-- Action item --
Copy all lines in the data that contain the string "induction".

-- Data for this task --
# # # # # # #
(* Let $U\subseteq\mathbb{C}_{xy}$ be a $q$-open subset. Then $U$ is a Runge $q$-open subset if and only if the image of $\mathfrak{A}_q$ is dense in $\mathcal{F}_q(U)$.
   Context: Fix $q\in\mathbb{C}$ with $0<|q|<1$; $\mathfrak{A}_q$ is generated by $x,y$ with $xy=q^{-1}yx$. $V\subseteq\mathbb{C}$ is $q$-open if it is open, contains $0$ and $qV\subseteq V$. A $q$-open subset of $\mathbb{C}_{xy}=(\mathbb{C}\times\{0\})\cup(\{0\}\times\mathbb{C})$ is $U=U_x\cup U_y$ with $U_x$, $U_y$ $q$-open subsets of the coordinate lines (coordinates $z$, $w$); it is Runge $q$-open if every connected component of $U_x$ and of $U_y$ is simply connected (equivalently, polynomials are dense in $\mathcal{O}(U_x)$ and $\mathcal{O}(U_y)$). $\mathcal{F}_q(U)=\{(f,g)\in\mathcal{O}(U_x)[[y]]\oplus[[x]]\mathcal{O}(U_y):f_k^{(i)}(0)/i!=g_i^{(k)}(0)/k!\ \forall i,k\ge0\}$, where $\mathcal{O}(U_x)[[y]]$ is the Fréchet space of series $\sum_nf_n(z)y^n$, $f_n\in\mathcal{O}(U_x)$, with product topology and multiplication $f\cdot g=\sum_n(\sum_{i+j=n}f_i(z)g_j(q^iz))y^n$, and $[[x]]\mathcal{O}(U_y)$ the analogous space of series $\sum x^nf_n(w)$ with multiplication $\sum_nx^n\sum_{i+j=n}f_i(q^jw)g_j(w)$. The map $\mathfrak{A}_q\to\mathcal{F}_q(U)$ sends $\sum a_{ik}x^iy^k$ to $\big(\sum_k(\sum_ia_{ik}z^i)y^k,\ \sum_ix^i(\sum_ka_{ik}w^k)\big)$. *)

theory Defs
  imports "HOL-Analysis.Analysis"
begin

definition q_open :: "complex \<Rightarrow> complex set \<Rightarrow> bool" where
  "q_open q V \<longleftrightarrow> open V \<and> 0 \<in> V \<and> (\<lambda>z. q * z) ` V \<subseteq> V"

definition runge_set :: "complex set \<Rightarrow> bool" where
  "runge_set V \<longleftrightarrow> (\<forall>C \<in> components V. simply_connected C)"

text \<open>A q-open subset U = U_x \<union> U_y of C_xy (given by its two pieces) is Runge.\<close>
definition runge_q_open :: "complex set \<Rightarrow> complex set \<Rightarrow> bool" where
  "runge_q_open Ux Uy \<longleftrightarrow> runge_set Ux \<and> runge_set Uy"

text \<open>The underlying set of F_q(U): pairs (f,g), f = sum f_n(z) y^n with f_n holomorphic
  on U_x, g = sum x^n g_n(w) with g_n holomorphic on U_y, satisfying the compatibility
  condition f_k^(i)(0)/i! = g_i^(k)(0)/k!.\<close>
definition Fq :: "complex set \<Rightarrow> complex set \<Rightarrow>
    ((nat \<Rightarrow> complex \<Rightarrow> complex) \<times> (nat \<Rightarrow> complex \<Rightarrow> complex)) set" where
  "Fq Ux Uy = {(f, g). (\<forall>n. f n holomorphic_on Ux) \<and> (\<forall>n. g n holomorphic_on Uy) \<and>
      (\<forall>i k. (deriv ^^ i) (f k) 0 / of_nat (fact i) = (deriv ^^ k) (g i) 0 / of_nat (fact k))}"

text \<open>Image of the element sum_{i,k \<le> D} a i k x^i y^k of A_q in F_q(U):
  the coefficient of y^k of the first component, and of x^i of the second component.\<close>
definition img_x :: "nat \<Rightarrow> (nat \<Rightarrow> nat \<Rightarrow> complex) \<Rightarrow> nat \<Rightarrow> complex \<Rightarrow> complex" where
  "img_x D a k z = (if k \<le> D then (\<Sum>i\<le>D. a i k * z ^ i) else 0)"

definition img_y :: "nat \<Rightarrow> (nat \<Rightarrow> nat \<Rightarrow> complex) \<Rightarrow> nat \<Rightarrow> complex \<Rightarrow> complex" where
  "img_y D a i w = (if i \<le> D then (\<Sum>k\<le>D. a i k * w ^ k) else 0)"

text \<open>Density of the image of A_q in F_q(U), where O(U_x)[[y]] \<oplus> [[x]]O(U_y) carries the
  product of the Frechet topologies of locally uniform convergence: every basic neighbourhood
  (finitely many coefficients, a compact set in each line, a radius) of every point of
  F_q(U) meets the image.\<close>
definition image_dense :: "complex set \<Rightarrow> complex set \<Rightarrow> bool" where
  "image_dense Ux Uy \<longleftrightarrow>
     (\<forall>f g. (f, g) \<in> Fq Ux Uy \<longrightarrow>
        (\<forall>N K L (\<epsilon>::real). compact K \<and> K \<subseteq> Ux \<and> compact L \<and> L \<subseteq> Uy \<and> \<epsilon> > 0 \<longrightarrow>
           (\<exists>D a. (\<forall>k\<le>N. \<forall>z\<in>K. norm (f k z - img_x D a k z) < \<epsilon>) \<and>
                  (\<forall>i\<le>N. \<forall>w\<in>L. norm (g i w - img_y D a i w) < \<epsilon>))))"

end

theory Submission
  imports Defs "HOL-Complex_Analysis.Complex_Analysis"
begin

(* For a single open set V, polynomials are dense in O(V) exactly when every component of V is
   simply connected. If they are (Runge's theorem: a Riemann map of each component, the Cauchy
   formula on a circle, Riemann sums of the Cauchy integral and pole pushing in the complement of
   a compact set with connected complement), every coefficient f_k on U_x and g_i on U_y is a
   uniform limit of polynomials on compacta; Cauchy estimates at 0 allow us to correct the first N
   Taylor coefficients to the values prescribed by the compatibility condition, and then the two
   families of polynomials are read off from one element of A_q.
   Conversely, if a component C is not simply connected, a holomorphic function on C with nonzero
   integral along a closed path in C, extended by 0, is not a uniform limit of polynomials near
   that path; paired with its own Taylor coefficients it is an element of F_q(U) that the image of
   A_q does not approach. *)

section \<open>Uniform polynomial approximation on compact sets\<close>

definition poly_approximable :: "complex set \<Rightarrow> (complex \<Rightarrow> complex) \<Rightarrow> bool" where
  "poly_approximable S h \<longleftrightarrow> (\<forall>e>0. \<exists>p. \<forall>z\<in>S. norm (h z - poly p z) < e)"

lemma poly_approximable_poly: "poly_approximable S (poly p)"
  unfolding poly_approximable_def by (intro allI impI exI[of _ p]) auto

lemma poly_approximable_eq:
  "poly_approximable S h \<Longrightarrow> (\<And>z. z \<in> S \<Longrightarrow> h z = h' z) \<Longrightarrow> poly_approximable S h'"
  unfolding poly_approximable_def by auto

lemma poly_approximable_const: "poly_approximable S (\<lambda>z. c)"
  by (rule poly_approximable_eq[OF poly_approximable_poly[of S "[:c:]"]]) simp

lemma poly_approximable_ident: "poly_approximable S (\<lambda>z. z)"
  by (rule poly_approximable_eq[OF poly_approximable_poly[of S "[:0, 1:]"]]) simp

lemma poly_approximable_subset: "poly_approximable S h \<Longrightarrow> T \<subseteq> S \<Longrightarrow> poly_approximable T h"
  unfolding poly_approximable_def by blast

lemma poly_approximable_uniform_limit:
  assumes "\<And>e. e > 0 \<Longrightarrow> \<exists>h'. poly_approximable S h' \<and> (\<forall>z\<in>S. norm (h z - h' z) \<le> e)"
  shows "poly_approximable S h"
  unfolding poly_approximable_def
proof (intro allI impI)
  fix e :: real assume "e > 0"
  then obtain h' where "poly_approximable S h'" and h': "\<forall>z\<in>S. norm (h z - h' z) \<le> e/2"
    using assms[of "e/2"] by auto
  moreover have "e/2 > 0" using \<open>e > 0\<close> by simp
  ultimately obtain p where p: "\<forall>z\<in>S. norm (h' z - poly p z) < e/2"
    unfolding poly_approximable_def by blast
  have "norm (h z - poly p z) < e" if "z \<in> S" for z
  proof -
    have "norm (h z - poly p z) \<le> norm (h z - h' z) + norm (h' z - poly p z)"
      by (rule norm_diff_triangle_le) auto
    also have "\<dots> < e/2 + e/2" using h' p that by (intro add_le_less_mono) auto
    finally show ?thesis by simp
  qed
  then show "\<exists>p. \<forall>z\<in>S. norm (h z - poly p z) < e" by auto
qed

lemma poly_approximable_add:
  assumes "poly_approximable S h1" "poly_approximable S h2"
  shows "poly_approximable S (\<lambda>z. h1 z + h2 z)"
  unfolding poly_approximable_def
proof (intro allI impI)
  fix e :: real assume "e > 0"
  then obtain p1 p2 where "\<forall>z\<in>S. norm (h1 z - poly p1 z) < e/2" "\<forall>z\<in>S. norm (h2 z - poly p2 z) < e/2"
    using assms unfolding poly_approximable_def by (meson half_gt_zero)
  then have "\<forall>z\<in>S. norm ((h1 z - poly p1 z) + (h2 z - poly p2 z)) < e/2 + e/2"
    by (blast intro: norm_add_less)
  then have "\<forall>z\<in>S. norm (h1 z + h2 z - poly (p1 + p2) z) < e"
    by (simp add: algebra_simps)
  then show "\<exists>p. \<forall>z\<in>S. norm (h1 z + h2 z - poly p z) < e" ..
qed

lemma poly_approximable_sum:
  "finite I \<Longrightarrow> (\<And>i. i \<in> I \<Longrightarrow> poly_approximable S (h i)) \<Longrightarrow> poly_approximable S (\<lambda>z. \<Sum>i\<in>I. h i z)"
  by (induction I rule: finite_induct) (auto intro: poly_approximable_add poly_approximable_const)

lemma poly_approximable_imp_bounded:
  assumes "compact S" "poly_approximable S h"
  obtains B where "B > 0" "\<And>z. z \<in> S \<Longrightarrow> norm (h z) \<le> B"
proof -
  obtain p where p: "\<forall>z\<in>S. norm (h z - poly p z) < 1"
    using assms(2) unfolding poly_approximable_def by force
  have "compact (poly p ` S)"
    using assms(1) by (intro compact_continuous_image) (auto intro: continuous_intros)
  then obtain B where B: "B > 0" "\<forall>z\<in>S. norm (poly p z) \<le> B"
    using compact_imp_bounded bounded_pos by (metis image_eqI)
  have "norm (h z) \<le> B + 1" if "z \<in> S" for z
  proof -
    have "norm (h z) \<le> norm (h z - poly p z) + norm (poly p z)"
      by (metis add.commute norm_triangle_sub)
    with p B that show ?thesis by force
  qed
  with B show thesis by (intro that[of "B + 1"]) auto
qed

lemma poly_approximable_mult:
  assumes S: "compact S" and h1: "poly_approximable S h1" and h2: "poly_approximable S h2"
  shows "poly_approximable S (\<lambda>z. h1 z * h2 z)"
  unfolding poly_approximable_def
proof (intro allI impI)
  fix e :: real assume e: "e > 0"
  obtain B1 where B1: "B1 > 0" "\<And>z. z \<in> S \<Longrightarrow> norm (h1 z) \<le> B1"
    using poly_approximable_imp_bounded[OF S h1] by blast
  obtain B2 where B2: "B2 > 0" "\<And>z. z \<in> S \<Longrightarrow> norm (h2 z) \<le> B2"
    using poly_approximable_imp_bounded[OF S h2] by blast
  define d where "d = min 1 (e / (B1 + B2 + 2))"
  have d: "d > 0" "d \<le> 1" "d * (B1 + B2 + 2) \<le> e"
    using e B1 B2 unfolding d_def by (auto simp: pos_le_divide_eq[symmetric])
  obtain p1 p2 where p1: "\<forall>z\<in>S. norm (h1 z - poly p1 z) < d" and p2: "\<forall>z\<in>S. norm (h2 z - poly p2 z) < d"
    using h1 h2 d(1) unfolding poly_approximable_def by meson
  have "norm (h1 z * h2 z - poly (p1 * p2) z) < e" if z: "z \<in> S" for z
  proof -
    have "norm (poly p2 z) \<le> norm (h2 z) + norm (h2 z - poly p2 z)"
      by (metis add.commute norm_triangle_sub norm_minus_commute)
    also have "\<dots> \<le> B2 + 1" using B2(2)[OF z] p2 z d(2) by force
    finally have p2_bound: "norm (poly p2 z) \<le> B2 + 1" .
    have "h1 z * h2 z - poly (p1 * p2) z = h1 z * (h2 z - poly p2 z) + (h1 z - poly p1 z) * poly p2 z"
      by (simp add: algebra_simps)
    then have "norm (h1 z * h2 z - poly (p1 * p2) z)
        \<le> norm (h1 z) * norm (h2 z - poly p2 z) + norm (h1 z - poly p1 z) * norm (poly p2 z)"
      by (metis norm_mult norm_triangle_ineq)
    also have "\<dots> \<le> B1 * d + d * (B2 + 1)"
      using B1 p1 p2 z p2_bound d(1) by (intro add_mono mult_mono) (auto intro: less_imp_le)
    also have "\<dots> < e" using d by (simp add: algebra_simps)
    finally show ?thesis .
  qed
  then show "\<exists>p. \<forall>z\<in>S. norm (h1 z * h2 z - poly p z) < e" by blast
qed

lemma poly_approximable_cmult:
  "compact S \<Longrightarrow> poly_approximable S h \<Longrightarrow> poly_approximable S (\<lambda>z. c * h z)"
  by (rule poly_approximable_mult[OF _ poly_approximable_const])

lemma poly_approximable_power:
  "compact S \<Longrightarrow> poly_approximable S h \<Longrightarrow> poly_approximable S (\<lambda>z. h z ^ n)"
  by (induction n) (auto intro: poly_approximable_mult poly_approximable_const)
# # # # # # #
-- Solution to the exercise --
  by (induction I rule: finite_induct) (auto intro: poly_approximable_add poly_approximable_const)
  by (induction n) (auto intro: poly_approximable_mult poly_approximable_const)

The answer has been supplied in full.